Amazon Care is expanding in-person services in more than 20 new cities this year, including New York, San Francisco, Chicago and Miami.

In-person care is already available in Seattle, Baltimore, Boston, Dallas, Austin, Los Angeles, Washington and Arlington, Va. The hybrid service allows patients to access urgent or primary care via telehealth. If it's available and necessary, a provider can travel to the patient's home for follow-up care.

"Patients are tired of a healthcare system that doesn't put them first. Our patient-centric service is changing that, one visit at a time," Kristen Helton, director of Amazon Care, said in a statement. "We’ve brought our on-demand urgent and primary care services to patients nationwide. As we grow the service, we’ll continue to work with our customers to address their needs."

WHY IT MATTERS

Launched in 2019 as a service for its own workers, the tech and retail giant officially announced last year it would offer Amazon Care to other employers.

This certainly isn't Amazon's only foray into the healthcare space. Its much-publicized joint venture with Berkshire Hathaway and JPMorgan Chase sought to improve employee health coverage, cost and access to care, but shut down after only three years

Last year, it launched Alexa Together, a subscription service that utilizes its voice assistant to help caregivers monitor and assist aging family members in their homes. That service, built on Care Hub features, was first released in November 2020. Amazon also expanded Alexa Smart Properties last year, allowing senior living communities and health systems to use Alexa at scale in their facilities. 

The company has been active in the digital pharmacy space too. It announced it would acquire PillPack in 2018, and launched its own service, Amazon Pharmacy, in 2020. 

In a panel discussion at HLTH in October, Amazon Care's Helton said the tech giant may integrate these efforts more closely, but Amazon is more focused on customer feedback.

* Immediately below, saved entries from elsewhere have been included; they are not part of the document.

(* Under the hypotheses of Theorem 1 (walk $\{S_n\}$, stationary scenery $\{\xi(k)\}$ independent of the walk, $n\mathbb{P}(\xi(0)>u_n)\to\tau\ge0$, conditions $D(u_n)$ and $D'(u_n)$ with sequences $(\alpha_{n,l})$, $(l_n)$, $(k_n)$), and with the blocks $B_j$ and $K_n$ defined in the context, for almost every realization of $\{S_n,n\in\mathbb{N}_+\}$, $$\prod_{j\le K_n}\mathbb{P}(M_{B_j}\le u_n)\xrightarrow[n\to\infty]{}e^{-\tau q},$$ where $q=\mathbb{P}(\forall k\in\mathbb{N}_+,\ S_k\ne0)$ and the probabilities are with respect to the scenery, with the realization of the walk fixed.
   Context: Setting: $\{X_k\}$ centered integer-valued i.i.d., in the domain of attraction of an $\alpha$-stable law with $\alpha\in(0,1)$, $S_n=X_1+\cdots+X_n$; $\{\xi(k),k\in\mathbb{Z}\}$ stationary real random variables independent of $\{X_k\}$; $n\mathbb{P}(\xi(0)>u_n)\to\tau\ge0$. Condition $D(u_n)$: with $F_{i_1,\ldots,i_p}(u)=\mathbb{P}(\xi(i_1)\le u,\ldots,\xi(i_p)\le u)$, there exist $(\alpha_{n,l})_{(n,l)\in\mathbb{N}^2}$ and positive integers $(l_n)$ with $\alpha_{n,l_n}\to0$, $l_n=o(n)$, such that $|F_{i_1,\ldots,i_p,j_1,\ldots,j_{p'}}(u_n)-F_{i_1,\ldots,i_p}(u_n)F_{j_1,\ldots,j_{p'}}(u_n)|\le\alpha_{n,l}$ whenever $i_1<\cdots<i_p<j_1<\cdots<j_{p'}$ and $j_1-i_p\ge l$, uniformly in $p,p'$. Condition $D'(u_n)$: there exist integers $(k_n)$ with $k_n\to\infty$, $\frac{n^2}{k_n}\alpha_{n,l_n}\to0$, $k_nl_n=o(n)$, and $n\sum_{j=1}^{\lfloor n/k_n\rfloor}\mathbb{P}(\xi(0)>u_n,\xi(j)>u_n)\to0$. Notation: for $B\subset\mathbb{Z}$, $M_B=\max_{k\in B}\xi(k)$ (with $M_\emptyset=-\infty$). For a fixed realization of the walk, $\mathcal{S}_n=\{S_1,\ldots,S_n\}$, $R_n=\#\mathcal{S}_n$, $r_n=\lfloor n/(k_n-1)\rfloor+1$, $K_n=\lfloor R_n/r_n\rfloor+1$. The blocks $B_1,\ldots,B_{K_n}$ are the unique subsets of $\mathcal{S}_n$ with $\bigcup_{j\le K_n}B_j=\mathcal{S}_n$, $\#B_i=r_n$ and $\max B_i<\min B_{i+1}$ for $i\le K_n-1$ (so $\#B_{K_n}=R_n-(K_n-1)r_n$ and $K_n\le k_n$). *)

theory Defs
  imports "HOL-Probability.Probability"
begin

text \<open>An alpha-stable law (0 < alpha < 2, alpha \<noteq> 1 suffices here), given by its
  characteristic function exp(-c|t|^alpha (1 - i beta sgn t tan(pi alpha/2)) + i gamma t).\<close>
definition stable_law :: "real \<Rightarrow> real measure \<Rightarrow> bool" where
  "stable_law a L \<longleftrightarrow> real_distribution L \<and>
     (\<exists>c \<beta> \<gamma>. c > 0 \<and> -1 \<le> \<beta> \<and> \<beta> \<le> 1 \<and>
        (\<forall>t. char L t = exp (- complex_of_real (c * \<bar>t\<bar> powr a) *
               (1 - \<i> * complex_of_real (\<beta> * sgn t * tan (pi * a / 2)))
               + \<i> * complex_of_real (\<gamma> * t))))"

definition walk :: "(nat \<Rightarrow> 'a \<Rightarrow> int) \<Rightarrow> nat \<Rightarrow> 'a \<Rightarrow> int" where
  "walk X n \<omega> = (\<Sum>k\<in>{1..n}. X k \<omega>)"

definition centered_stable_attraction ::
  "'a measure \<Rightarrow> (nat \<Rightarrow> 'a \<Rightarrow> int) \<Rightarrow> real \<Rightarrow> bool" where
  "centered_stable_attraction M X a \<longleftrightarrow>
     (\<exists>an :: nat \<Rightarrow> real. \<exists>L. (\<forall>n. an n > 0) \<and> stable_law a L \<and>
        weak_conv_m (\<lambda>n. distr M borel (\<lambda>\<omega>. real_of_int (walk X n \<omega>) / an n)) L)"

definition walk_range :: "(nat \<Rightarrow> 'a \<Rightarrow> int) \<Rightarrow> nat \<Rightarrow> 'a \<Rightarrow> int set" where
  "walk_range X n \<omega> = (\<lambda>j. walk X j \<omega>) ` {1..n}"

definition block_len :: "(nat \<Rightarrow> nat) \<Rightarrow> nat \<Rightarrow> nat" where
  "block_len k n = n div (k n - 1) + 1"

definition num_blocks :: "(nat \<Rightarrow> 'a \<Rightarrow> int) \<Rightarrow> (nat \<Rightarrow> nat) \<Rightarrow> nat \<Rightarrow> 'a \<Rightarrow> nat" where
  "num_blocks X k n \<omega> = card (walk_range X n \<omega>) div block_len k n + 1"

text \<open>Block B_j (1 \<le> j \<le> K_n): the j-th group of r_n consecutive elements of the
  range, listed in increasing order (the last block may be smaller, possibly empty).\<close>
definition block :: "(nat \<Rightarrow> 'a \<Rightarrow> int) \<Rightarrow> (nat \<Rightarrow> nat) \<Rightarrow> nat \<Rightarrow> 'a \<Rightarrow> nat \<Rightarrow> int set" where
  "block X k n \<omega> j = set (take (block_len k n)
      (drop ((j - 1) * block_len k n) (sorted_list_of_set (walk_range X n \<omega>))))"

"Amazon Care is one effort," she said. "Amazon Pharmacy is another ... Amazon Halo. We're all in the same space. But the way we work back from customers may mean that those points of interface may happen later in the road map. It's hard to speculate. We'll just stay focused on what customers are asking us to do. And when the time is right, then that's when we make sure that those points of connection are seamless."

THE LARGER TREND

Though Amazon is a high-profile player in virtual and hybrid care, it definitely isn't alone. 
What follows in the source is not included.